Debt charities are also reporting increases in the numbers of customers contacting them regarding payday loans. StepChange reported a 109% rise in 2012, compared to the previous year, in the number of its clients who held payday loans.


Raised standards give comsumer credit firms a chance to shine

The announcement that regulation of consumer credit will transfer from the Office of Fair Trading (OFT) to the Financial Conduct Authority (FCA) in April 2014 has provoked a range of reactions from the credit industry. Some may be looking forward to this with trepidation, noting that the FCA has wider enforcement powers and greater resources to supervise firms than the OFT, and that the FCA’s predecessor the Financial Services Authority (FSA) has imposed some very large fines in recent months. Others, however, see the change as an opportunity to improve the reputation of the credit industry.
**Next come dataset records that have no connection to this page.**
(* Let $\mathcal T$ be a locally finite partial tessellation of ${\mathbb X}$, let $T_1,T_2$ be tiles of $\mathcal T$, and suppose $S=T_1\cap T_2$ has codimension 1. Let $H$ be the hyperplane generated by $S$. Then: (1) $H$ is an essential hyperplane of both $T_1$ and $T_2$; (2) $T_1$ and $T_2$ are contained in different closed half-spaces bounded by $H$; (3) $S^r\cap T=\emptyset$ for every tile $T$ different from $T_1$ and $T_2$; (4) $S$ is a side of $\mathcal T$.
   Context: ${\mathbb X}$ is $\mathbb R^n$, the unit sphere $\mathbb S^n$, or hyperbolic $n$-space. A subspace is a complete totally geodesic submanifold, a hyperplane one of codimension 1; closed half-spaces are closures of the two components of the complement of a hyperplane; the hyperplane generated by a set is the smallest subspace containing it (when that has codimension 1). A polyhedron is a nonempty intersection of a family of closed half-spaces whose boundary hyperplanes form a locally finite family; its codimension is that of the subspace it generates and $S^r$ is its interior in that subspace; it is thick if it has nonempty interior in ${\mathbb X}$. For a thick polyhedron $P$, a closed half-space $Z$ is essential if $P\subseteq Z$ and $P\cap\partial Z$ has nonempty interior in $\partial Z$; then $\partial Z$ is an essential hyperplane of $P$. A partial tessellation is a set of thick polyhedra (tiles) with pairwise disjoint interiors; locally finite means every compact set meets only finitely many tiles. A cell is a nonempty intersection $C$ of tiles such that for every tile $T$ either $C\subseteq T$ or $C^r\cap T=\emptyset$; a side is a cell of codimension 1. *)

theory Defs
  imports "HOL-Analysis.Analysis"
begin
(* Let $\Sigma$ be an alphabet and $n\geq 1$. If $g\colon\mathcal{T}(\Sigma)^n\to\mathcal{T}(\Sigma)$ is WCP, then for all $\vec u,\vec v\in\Sigma^n$, the trees $g(\vec u)$ and $g(\vec v)$ are similar.
   Context: Let $\Sigma$ be an alphabet not containing $0,1$. A binary tree over $\Sigma$ is a finite set $t \subseteq \{0,1\}^*\Sigma$ such that for any $ua, vb \in t$ with $ua \neq vb$, $u$ is not a prefix of $v$ and $v$ is not a prefix of $u$; $\mathcal{T}(\Sigma)$ is the set of such trees, $\mathbf 0=\emptyset$, each letter $a$ is identified with $\{a\}$, and $t\star t' = 0.t\cup 1.t'$. Every map $h\colon\Sigma\to\mathcal{T}(\Sigma)$ (in particular every map $\Sigma\to\Sigma$) extends uniquely to an endomorphism of $\langle\mathcal{T}(\Sigma),\star\rangle$, still denoted $h$. A function $g\colon\mathcal{T}(\Sigma)^n\to\mathcal{T}(\Sigma)$ is WCP if for every idempotent mapping $h\colon\Sigma\to\Sigma$ and all $\vec u,\vec v\in\Sigma^n$, $h(\vec u)=h(\vec v)$ implies $h(g(\vec u))=h(g(\vec v))$, where $h(\langle u_1,\ldots,u_n\rangle)=\langle h(u_1),\ldots,h(u_n)\rangle$. For $a\in\Sigma$, $\nu_a$ is the endomorphism sending every letter to $a$; trees $t,t'$ are similar if $\nu_a(t)=\nu_a(t')$ for some (equivalently every) $a\in\Sigma$. *)

theory Defs
  imports Main "HOL-Library.Sublist"
begin

text \<open>Letters of the alphabet are elements of a type 'a (the alphabet is UNIV :: 'a set);
  the digits 0,1 are encoded as False,True, so they are disjoint from the letters.
  A word u a in {0,1}^* Sigma is a pair (u, a).\<close>

type_synonym 'a btree = "(bool list \<times> 'a) set"

definition is_tree :: "'a btree \<Rightarrow> bool" where
  "is_tree t \<longleftrightarrow> finite t \<and>
     (\<forall>u a v b. (u, a) \<in> t \<and> (v, b) \<in> t \<and> (u, a) \<noteq> (v, b) \<longrightarrow>
        \<not> prefix u v \<and> \<not> prefix v u)"

definition letter :: "'a \<Rightarrow> 'a btree" where
  "letter a = {([], a)}"

definition tstar :: "'a btree \<Rightarrow> 'a btree \<Rightarrow> 'a btree" (infixl "\<star>" 70) where
  "t \<star> t' = (\<lambda>(u, a). (False # u, a)) ` t \<union> (\<lambda>(u, a). (True # u, a)) ` t'"

text \<open>The unique endomorphism extending h :: Sigma => T(Sigma) (substitution of trees for leaves).\<close>
definition tsubst :: "('a \<Rightarrow> 'a btree) \<Rightarrow> 'a btree \<Rightarrow> 'a btree" where
  "tsubst h t = {(u @ w, b) | u w a b. (u, a) \<in> t \<and> (w, b) \<in> h a}"

definition lmap :: "('a \<Rightarrow> 'a) \<Rightarrow> 'a btree \<Rightarrow> 'a btree" where
  "lmap h = tsubst (\<lambda>a. letter (h a))"

definition WCP :: "nat \<Rightarrow> ('a btree list \<Rightarrow> 'a btree) \<Rightarrow> bool" where
  "WCP n g \<longleftrightarrow> (\<forall>h :: 'a \<Rightarrow> 'a. h \<circ> h = h \<longrightarrow>
     (\<forall>us vs :: 'a list. length us = n \<and> length vs = n \<and> map h us = map h vs \<longrightarrow>
        lmap h (g (map letter us)) = lmap h (g (map letter vs))))"

definition nu :: "'a \<Rightarrow> 'a btree \<Rightarrow> 'a btree" where
  "nu a = lmap (\<lambda>_. a)"

definition similar :: "'a btree \<Rightarrow> 'a btree \<Rightarrow> bool" where
  "similar t t' \<longleftrightarrow> (\<exists>a. nu a t = nu a t')"

end

theory Submission
  imports Defs
begin

text \<open>A constant letter map \<open>\<lambda>_. a\<close> is idempotent and identifies any two words of the same
  length, so weak compatibility applied to it yields \<open>nu a (g us) = nu a (g vs)\<close>.\<close>

lemma idempotent_const: "(\<lambda>_. c) \<circ> (\<lambda>_. c) = (\<lambda>_. c)"
  by (simp add: comp_def)

lemma map_const_eq_iff_length_eq: "map (\<lambda>_. c) xs = map (\<lambda>_. c) ys \<longleftrightarrow> length xs = length ys"
  by (simp add: map_replicate_const)

lemma WCP_imp_similar:
  assumes "WCP n g" and "length us = n" and "length vs = n"
  shows "similar (g (map letter us)) (g (map letter vs))"
proof -
  fix a :: 'a
  have "map (\<lambda>_. a) us = map (\<lambda>_. a) vs"
    using assms(2,3) by (simp add: map_const_eq_iff_length_eq)
  with assms idempotent_const[of a]
  have "nu a (g (map letter us)) = nu a (g (map letter vs))"
    unfolding WCP_def nu_def by blast
  then show ?thesis
    unfolding similar_def by blast
qed

theorem mainTheorem6:
  fixes g :: "'a btree list \<Rightarrow> 'a btree" and n :: nat
  assumes "n \<ge> 1"
    and "\<forall>ts. length ts = n \<and> (\<forall>t\<in>set ts. is_tree t) \<longrightarrow> is_tree (g ts)"
    and "WCP n g"
  shows "\<forall>us vs :: 'a list. length us = n \<and> length vs = n \<longrightarrow>
           similar (g (map letter us)) (g (map letter vs))"
  using WCP_imp_similar[OF assms(3)] by blast

end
Firms in areas of financial services previously regulated by the FSA have been subject to FCA regulation since 1 April 2013, and while the rules remain largely the same, the FCA has been granted new powers which the FSA did not have, and these firms have been told that the culture of regulation will change. “The FCA will be more forward-looking, more focused on where firms are heading and more willing to step in if needed,” said FCA chief executive Martin Wheatley in a recent speech. So even for these firms, the regulatory landscape is changing.

An article appears in the May 2013 issue of Credit Today under the headline ‘Raised standards give us a chance to shine.’ In the article, Mark Broadstock, managing director of debt management company Smooth Group, looks forward to being able to demonstrate compliance with the FCA requirements.

He begins by welcoming the creation of the Prudential Regulation Authority and the Financial Policy Committee, which should allow the FCA to concentrate its efforts on monitoring firms’ conduct. “This will ensure that issues such as risk, compliance and treating customers fairly are given greater oversight and consideration,” commented Mr Broadstock.

He goes on to say: “I hope the FCA will be an organisation with teeth,” and expresses agreement with the new power granted to the regulator to ban problematic products.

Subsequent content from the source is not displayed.